For the exposure to 5 mg/L, the time-weighted mean actual concentration was 5.6 ± 0.2 mg/L. For the exposure to 1 mg/L, the time-weighted mean actual concentration was 1.2 ± 0.04 mg/L. The test atmospheres were considered sufficiently stable.

The Mass Median Aerodynamic Diameter (MMAD) and geometric standard deviation (gsd) were determined twice. At 5 mg/L, the MMAD was 2.1 μm (gsd 1.8) and 2.3 μm (gsd 1.9). At 1 mg/L, the MMAD was 2.8 μm (gsd 1.7) and 2.6 μm (gsd 1.6).

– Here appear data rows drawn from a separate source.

lemma choose_mult_shifted:
  assumes "p \<le> n"
  shows "(a + p choose (p + e)) * (a + n choose (n - p)) = (a + n choose (n + e)) * (n + e choose (p + e))"
proof (cases "e \<le> a")
  case True
  have "(a + n choose (a + p)) * (a + p choose (a - e)) = (a + n choose (a - e)) * (n + e choose (p + e))"
    using choose_mult[of "a - e" "a + p" "a + n"] True assms by simp
  moreover have "a + p choose (p + e) = a + p choose (a - e)" "a + n choose (n - p) = a + n choose (a + p)"
    "a + n choose (n + e) = a + n choose (a - e)"
    using True assms by (simp_all add: binomial_symmetric_add)
  ultimately show ?thesis
    by (simp add: mult.commute)
next
  case False
  then show ?thesis
    by (simp add: binomial_eq_0)
qed

lemma sum_atMost_triangle:
  fixes n :: nat
  shows "(\<Sum>i\<le>n. \<Sum>j\<le>n - i. g i j) = (\<Sum>k\<le>n. \<Sum>i\<le>k. g i (k - i))"
proof -
  have "{(i, j). i + j \<le> n} = Sigma {..n} (\<lambda>i. {..n - i})"
    by auto
  then show ?thesis
    using sum.triangle_reindex_eq[of g n] by (simp add: sum.Sigma)
qed

lemma gbinomial_Vandermonde_shifted:
  fixes x :: "'a::field_char_0"
  assumes "d = 0 \<or> e = 0"
  shows "(\<Sum>i\<le>n. (x gchoose (i + d)) * of_nat (n + e choose (i + e))) = (x + of_nat (n + e)) gchoose (n + d)"
proof -
  have "(x + of_nat (n + e)) gchoose (n + d) = (\<Sum>k=0..n + d. (x gchoose k) * of_nat (n + e choose (n + d - k)))"
    using gbinomial_Vandermonde[of x "of_nat (n + e)" "n + d"] by (simp add: binomial_gbinomial)
  also have "\<dots> = (\<Sum>k=0 + d..n + d. (x gchoose k) * of_nat (n + e choose (n + d - k)))"
    \<comment> \<open>for \<open>k < d\<close> we have \<open>e = 0\<close>, so the second factor vanishes\<close>
    by (rule sum.mono_neutral_right) (use assms in \<open>auto simp: binomial_eq_0\<close>)
  also have "\<dots> = (\<Sum>i\<le>n. (x gchoose (i + d)) * of_nat (n + e choose (i + e)))"
    unfolding sum.shift_bounds_cl_nat_ivl atMost_atLeast0
    by (intro sum.cong refl) (simp add: binomial_symmetric_add)
  finally show ?thesis ..
qed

After exposure to 5 mg/L, two animals were sacrificed on Day 2 for ethical reasons. On Day 3, one animal was found dead and the other animals were sacrificed for ethical reasons. No mortality occurred at 1 mg/L. At 5 mg/L, slow breathing was noted in all animals during exposure. After exposure, lethargy, hunched posture, laboured respiration, rales, piloerection, chromodacryorrhoea and/or ptosis were seen among the animals. Gasping was seen in one female on day 2 only. At 1 mg/L, no abnormalities were seen during exposure. After exposure, hunched posture, laboured respiration, rales, gasping, piloerection and/or chromodacryorrhoea were seen among the animals. Dehydration was seen in two females on Days 4 and 5. All animals recovered from these signs by Day 8, except for the rales which were also seen among the animals between Days 9 and 15 (termination).

Body weight loss and reduced body weight gain was seen among the animals during the first week post-exposure. All animal regained weight during the second week.

Macroscopic post mortem examination revealed abnormalities in the lungs (discolouration pale or gray-white, fluid or foamy fluid released from the bronchi, dark red foci) of three animals exposed to 5 mg/L and sacrificed on Day 2 or 3. No further abnormalities were found in any of the animals.

 

Based on the above observations, the inhalatory LC50, 4h value of cesium tetrafluoroaluminate in Wistar rats was established to be within the range of 1 – 5 mg/L. Based on these results the test substance needs to be classified as Category 4 H332 'Harmful if inhaled' according to the EU Classification, Labelling and Packaging of Substances and Mixtures (CLP) Regulation (EC) No. 1272/2008.